Only one stretch of the records below should be repeated. It starts with the line containing "using assms one_le_jbr" and goes on through the line containing "qed (simp add: jbr_pos less_imp_le)", exactly as written.

......

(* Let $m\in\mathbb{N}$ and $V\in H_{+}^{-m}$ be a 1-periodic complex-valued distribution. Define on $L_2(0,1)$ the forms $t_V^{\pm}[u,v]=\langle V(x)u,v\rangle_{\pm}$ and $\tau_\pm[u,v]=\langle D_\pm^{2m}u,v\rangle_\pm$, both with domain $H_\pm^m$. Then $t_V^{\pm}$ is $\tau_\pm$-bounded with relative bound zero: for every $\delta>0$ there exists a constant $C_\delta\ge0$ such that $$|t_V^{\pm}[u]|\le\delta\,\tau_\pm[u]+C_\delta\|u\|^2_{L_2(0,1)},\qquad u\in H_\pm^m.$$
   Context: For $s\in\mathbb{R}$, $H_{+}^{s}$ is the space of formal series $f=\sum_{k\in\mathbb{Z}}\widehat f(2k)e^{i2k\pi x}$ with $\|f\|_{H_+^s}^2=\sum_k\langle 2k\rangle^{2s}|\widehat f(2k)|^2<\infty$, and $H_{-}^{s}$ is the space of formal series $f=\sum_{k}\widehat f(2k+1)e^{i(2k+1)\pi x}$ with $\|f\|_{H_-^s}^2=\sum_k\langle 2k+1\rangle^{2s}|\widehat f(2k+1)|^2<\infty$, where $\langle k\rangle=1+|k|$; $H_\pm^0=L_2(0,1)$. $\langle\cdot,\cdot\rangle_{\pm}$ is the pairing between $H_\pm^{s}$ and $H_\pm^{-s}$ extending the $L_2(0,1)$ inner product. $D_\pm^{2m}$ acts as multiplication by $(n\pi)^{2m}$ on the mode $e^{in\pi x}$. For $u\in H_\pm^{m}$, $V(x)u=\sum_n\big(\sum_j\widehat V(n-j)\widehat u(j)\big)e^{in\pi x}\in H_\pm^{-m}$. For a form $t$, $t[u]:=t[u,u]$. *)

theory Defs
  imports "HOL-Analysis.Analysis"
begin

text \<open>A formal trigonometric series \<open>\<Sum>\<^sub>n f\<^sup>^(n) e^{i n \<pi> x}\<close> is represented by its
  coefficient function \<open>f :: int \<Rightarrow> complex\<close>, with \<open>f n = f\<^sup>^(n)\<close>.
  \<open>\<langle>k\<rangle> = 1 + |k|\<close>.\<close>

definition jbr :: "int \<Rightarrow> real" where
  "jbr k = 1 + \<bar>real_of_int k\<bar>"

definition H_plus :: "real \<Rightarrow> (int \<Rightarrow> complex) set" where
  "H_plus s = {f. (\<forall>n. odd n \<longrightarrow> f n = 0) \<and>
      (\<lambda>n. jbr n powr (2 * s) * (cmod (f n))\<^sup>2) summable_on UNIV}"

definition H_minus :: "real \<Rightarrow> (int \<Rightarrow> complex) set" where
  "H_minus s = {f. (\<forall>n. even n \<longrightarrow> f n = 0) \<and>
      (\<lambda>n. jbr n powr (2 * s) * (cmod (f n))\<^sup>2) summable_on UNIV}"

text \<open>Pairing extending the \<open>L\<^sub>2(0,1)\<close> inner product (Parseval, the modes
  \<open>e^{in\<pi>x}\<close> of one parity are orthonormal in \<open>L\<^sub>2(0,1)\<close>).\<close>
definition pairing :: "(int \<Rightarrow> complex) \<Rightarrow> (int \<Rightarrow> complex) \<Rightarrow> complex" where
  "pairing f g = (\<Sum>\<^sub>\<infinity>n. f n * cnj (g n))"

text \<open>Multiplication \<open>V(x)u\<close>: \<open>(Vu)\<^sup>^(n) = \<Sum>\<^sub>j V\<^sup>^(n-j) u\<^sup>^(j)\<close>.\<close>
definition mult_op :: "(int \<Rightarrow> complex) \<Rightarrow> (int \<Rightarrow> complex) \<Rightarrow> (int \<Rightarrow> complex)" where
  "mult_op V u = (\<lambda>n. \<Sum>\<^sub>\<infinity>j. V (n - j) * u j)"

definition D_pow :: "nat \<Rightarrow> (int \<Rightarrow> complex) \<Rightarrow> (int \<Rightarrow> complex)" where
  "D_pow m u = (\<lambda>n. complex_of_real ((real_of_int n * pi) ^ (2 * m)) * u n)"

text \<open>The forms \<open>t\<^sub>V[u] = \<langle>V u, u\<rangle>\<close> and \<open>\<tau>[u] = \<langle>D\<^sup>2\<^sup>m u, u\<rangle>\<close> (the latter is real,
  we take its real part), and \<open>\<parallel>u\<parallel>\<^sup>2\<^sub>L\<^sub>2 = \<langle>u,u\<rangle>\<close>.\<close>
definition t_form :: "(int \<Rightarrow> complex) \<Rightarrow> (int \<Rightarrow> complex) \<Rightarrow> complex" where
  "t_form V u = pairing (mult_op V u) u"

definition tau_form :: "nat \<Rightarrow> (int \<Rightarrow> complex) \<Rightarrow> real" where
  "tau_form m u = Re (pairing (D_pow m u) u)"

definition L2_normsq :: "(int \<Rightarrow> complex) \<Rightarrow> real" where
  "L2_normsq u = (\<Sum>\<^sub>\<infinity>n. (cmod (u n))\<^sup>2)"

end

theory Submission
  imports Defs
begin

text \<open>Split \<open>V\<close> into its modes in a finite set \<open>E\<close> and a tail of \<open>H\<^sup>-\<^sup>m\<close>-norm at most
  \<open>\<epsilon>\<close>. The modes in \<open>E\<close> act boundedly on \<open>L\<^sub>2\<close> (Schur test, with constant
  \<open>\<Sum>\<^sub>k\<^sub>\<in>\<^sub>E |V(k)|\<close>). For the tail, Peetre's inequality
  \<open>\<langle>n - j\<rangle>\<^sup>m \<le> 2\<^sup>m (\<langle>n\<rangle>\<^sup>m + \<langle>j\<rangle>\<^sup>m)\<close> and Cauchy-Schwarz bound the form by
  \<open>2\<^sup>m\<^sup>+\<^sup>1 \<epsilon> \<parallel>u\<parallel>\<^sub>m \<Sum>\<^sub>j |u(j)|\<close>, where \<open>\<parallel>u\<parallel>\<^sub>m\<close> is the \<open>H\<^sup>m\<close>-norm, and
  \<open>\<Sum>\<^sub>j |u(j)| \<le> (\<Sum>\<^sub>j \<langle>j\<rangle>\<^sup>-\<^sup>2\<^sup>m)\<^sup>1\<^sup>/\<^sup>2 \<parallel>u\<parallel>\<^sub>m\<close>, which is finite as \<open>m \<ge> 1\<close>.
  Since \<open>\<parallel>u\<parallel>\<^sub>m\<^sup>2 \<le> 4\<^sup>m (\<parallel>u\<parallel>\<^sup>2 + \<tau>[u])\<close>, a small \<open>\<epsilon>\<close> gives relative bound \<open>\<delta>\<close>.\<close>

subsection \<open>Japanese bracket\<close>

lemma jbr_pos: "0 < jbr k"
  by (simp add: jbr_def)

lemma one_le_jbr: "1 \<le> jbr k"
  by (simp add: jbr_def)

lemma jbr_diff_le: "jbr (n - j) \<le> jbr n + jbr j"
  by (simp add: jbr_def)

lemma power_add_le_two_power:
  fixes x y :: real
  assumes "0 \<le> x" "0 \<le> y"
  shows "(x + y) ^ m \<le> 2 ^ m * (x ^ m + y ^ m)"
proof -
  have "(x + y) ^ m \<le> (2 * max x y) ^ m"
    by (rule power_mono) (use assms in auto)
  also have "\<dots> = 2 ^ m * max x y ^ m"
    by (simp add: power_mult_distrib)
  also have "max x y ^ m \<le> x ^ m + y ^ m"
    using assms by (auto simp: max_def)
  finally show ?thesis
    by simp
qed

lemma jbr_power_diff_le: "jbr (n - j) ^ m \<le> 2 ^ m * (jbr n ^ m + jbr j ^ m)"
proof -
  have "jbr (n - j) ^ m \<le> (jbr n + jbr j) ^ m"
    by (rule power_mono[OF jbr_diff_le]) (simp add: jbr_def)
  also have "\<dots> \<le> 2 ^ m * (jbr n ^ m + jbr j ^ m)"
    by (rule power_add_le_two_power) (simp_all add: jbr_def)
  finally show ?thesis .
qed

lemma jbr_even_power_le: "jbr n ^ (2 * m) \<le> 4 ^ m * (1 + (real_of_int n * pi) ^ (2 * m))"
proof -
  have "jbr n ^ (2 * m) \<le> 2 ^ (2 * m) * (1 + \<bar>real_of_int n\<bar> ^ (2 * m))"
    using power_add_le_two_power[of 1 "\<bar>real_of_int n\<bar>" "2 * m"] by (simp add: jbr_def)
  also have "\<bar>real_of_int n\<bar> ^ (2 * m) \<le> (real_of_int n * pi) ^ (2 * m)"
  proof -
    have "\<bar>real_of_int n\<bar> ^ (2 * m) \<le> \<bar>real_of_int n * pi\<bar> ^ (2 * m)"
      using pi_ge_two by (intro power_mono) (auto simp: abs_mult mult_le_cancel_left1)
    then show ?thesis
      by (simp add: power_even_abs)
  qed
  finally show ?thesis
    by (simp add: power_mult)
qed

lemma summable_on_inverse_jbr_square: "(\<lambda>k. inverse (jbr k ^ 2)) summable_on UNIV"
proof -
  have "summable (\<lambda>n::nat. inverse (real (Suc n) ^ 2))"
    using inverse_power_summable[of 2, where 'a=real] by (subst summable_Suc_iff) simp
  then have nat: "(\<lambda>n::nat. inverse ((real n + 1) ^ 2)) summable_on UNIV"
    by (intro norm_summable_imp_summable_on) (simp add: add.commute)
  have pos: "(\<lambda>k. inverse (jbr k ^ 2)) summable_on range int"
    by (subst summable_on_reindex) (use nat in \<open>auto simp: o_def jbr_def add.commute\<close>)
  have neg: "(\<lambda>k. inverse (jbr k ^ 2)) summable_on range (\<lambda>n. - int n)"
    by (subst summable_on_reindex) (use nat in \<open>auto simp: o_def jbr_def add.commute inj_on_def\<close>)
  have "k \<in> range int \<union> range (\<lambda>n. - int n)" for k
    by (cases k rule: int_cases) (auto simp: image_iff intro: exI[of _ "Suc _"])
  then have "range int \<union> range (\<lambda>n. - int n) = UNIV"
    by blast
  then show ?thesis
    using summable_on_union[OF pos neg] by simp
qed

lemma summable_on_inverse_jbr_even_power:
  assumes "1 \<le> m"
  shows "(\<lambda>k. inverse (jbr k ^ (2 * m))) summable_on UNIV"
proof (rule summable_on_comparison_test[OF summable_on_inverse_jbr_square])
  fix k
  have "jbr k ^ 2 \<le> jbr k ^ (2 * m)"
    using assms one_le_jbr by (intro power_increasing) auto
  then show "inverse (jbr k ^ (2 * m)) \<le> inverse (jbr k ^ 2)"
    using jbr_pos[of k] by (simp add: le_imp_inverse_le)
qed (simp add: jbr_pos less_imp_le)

......

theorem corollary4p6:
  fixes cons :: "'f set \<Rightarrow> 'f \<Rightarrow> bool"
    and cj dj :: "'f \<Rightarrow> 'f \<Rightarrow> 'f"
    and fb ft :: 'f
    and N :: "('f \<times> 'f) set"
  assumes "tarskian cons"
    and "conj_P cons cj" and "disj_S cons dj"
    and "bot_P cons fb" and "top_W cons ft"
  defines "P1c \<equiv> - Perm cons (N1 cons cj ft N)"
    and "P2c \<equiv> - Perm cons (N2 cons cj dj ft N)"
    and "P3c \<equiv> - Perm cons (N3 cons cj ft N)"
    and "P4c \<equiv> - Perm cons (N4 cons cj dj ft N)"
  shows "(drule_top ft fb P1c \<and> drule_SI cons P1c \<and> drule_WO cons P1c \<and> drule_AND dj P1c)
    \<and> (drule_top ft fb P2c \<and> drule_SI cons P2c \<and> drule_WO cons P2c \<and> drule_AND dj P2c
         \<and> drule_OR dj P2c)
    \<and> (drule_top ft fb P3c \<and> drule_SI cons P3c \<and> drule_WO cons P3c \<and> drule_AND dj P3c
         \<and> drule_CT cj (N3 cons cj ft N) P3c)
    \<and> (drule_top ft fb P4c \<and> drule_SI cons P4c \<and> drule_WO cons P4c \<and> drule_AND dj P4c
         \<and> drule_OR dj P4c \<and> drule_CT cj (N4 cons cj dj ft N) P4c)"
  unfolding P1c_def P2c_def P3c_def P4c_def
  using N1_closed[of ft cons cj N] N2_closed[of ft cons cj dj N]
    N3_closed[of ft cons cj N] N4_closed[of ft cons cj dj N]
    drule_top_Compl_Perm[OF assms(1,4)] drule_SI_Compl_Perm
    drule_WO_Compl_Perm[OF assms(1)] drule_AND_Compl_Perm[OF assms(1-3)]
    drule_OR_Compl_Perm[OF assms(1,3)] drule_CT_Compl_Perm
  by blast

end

......

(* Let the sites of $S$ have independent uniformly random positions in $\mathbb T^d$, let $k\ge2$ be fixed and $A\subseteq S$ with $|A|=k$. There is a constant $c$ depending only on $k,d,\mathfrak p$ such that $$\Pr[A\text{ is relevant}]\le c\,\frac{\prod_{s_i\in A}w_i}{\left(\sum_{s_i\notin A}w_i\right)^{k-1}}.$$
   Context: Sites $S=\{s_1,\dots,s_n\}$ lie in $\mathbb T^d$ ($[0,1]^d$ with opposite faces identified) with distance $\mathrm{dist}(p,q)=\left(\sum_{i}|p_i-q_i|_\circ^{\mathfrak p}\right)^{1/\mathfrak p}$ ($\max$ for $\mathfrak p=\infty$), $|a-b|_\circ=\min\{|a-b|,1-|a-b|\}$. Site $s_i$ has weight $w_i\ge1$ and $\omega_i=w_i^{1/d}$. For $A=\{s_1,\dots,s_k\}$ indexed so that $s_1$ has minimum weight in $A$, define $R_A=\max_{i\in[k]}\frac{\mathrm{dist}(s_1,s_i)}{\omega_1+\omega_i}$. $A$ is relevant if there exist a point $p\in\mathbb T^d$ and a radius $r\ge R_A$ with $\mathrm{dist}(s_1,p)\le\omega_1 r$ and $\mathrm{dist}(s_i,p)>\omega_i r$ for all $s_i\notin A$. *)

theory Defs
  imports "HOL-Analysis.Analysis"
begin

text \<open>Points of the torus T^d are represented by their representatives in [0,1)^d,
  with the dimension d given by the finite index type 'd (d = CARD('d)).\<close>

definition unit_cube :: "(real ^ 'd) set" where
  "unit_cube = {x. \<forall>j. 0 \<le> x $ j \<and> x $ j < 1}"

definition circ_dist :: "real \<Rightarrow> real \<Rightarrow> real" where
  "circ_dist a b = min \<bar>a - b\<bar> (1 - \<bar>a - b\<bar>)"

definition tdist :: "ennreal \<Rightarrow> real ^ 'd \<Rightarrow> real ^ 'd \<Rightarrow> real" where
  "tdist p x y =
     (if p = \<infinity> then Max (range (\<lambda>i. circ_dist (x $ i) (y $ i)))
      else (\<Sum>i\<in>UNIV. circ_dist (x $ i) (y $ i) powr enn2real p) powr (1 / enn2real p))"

......

◆ SOLVED EXERCISE ◆
    using assms one_le_jbr by (intro power_increasing) auto
  then show "inverse (jbr k ^ (2 * m)) \<le> inverse (jbr k ^ 2)"
    using jbr_pos[of k] by (simp add: le_imp_inverse_le)
qed (simp add: jbr_pos less_imp_le)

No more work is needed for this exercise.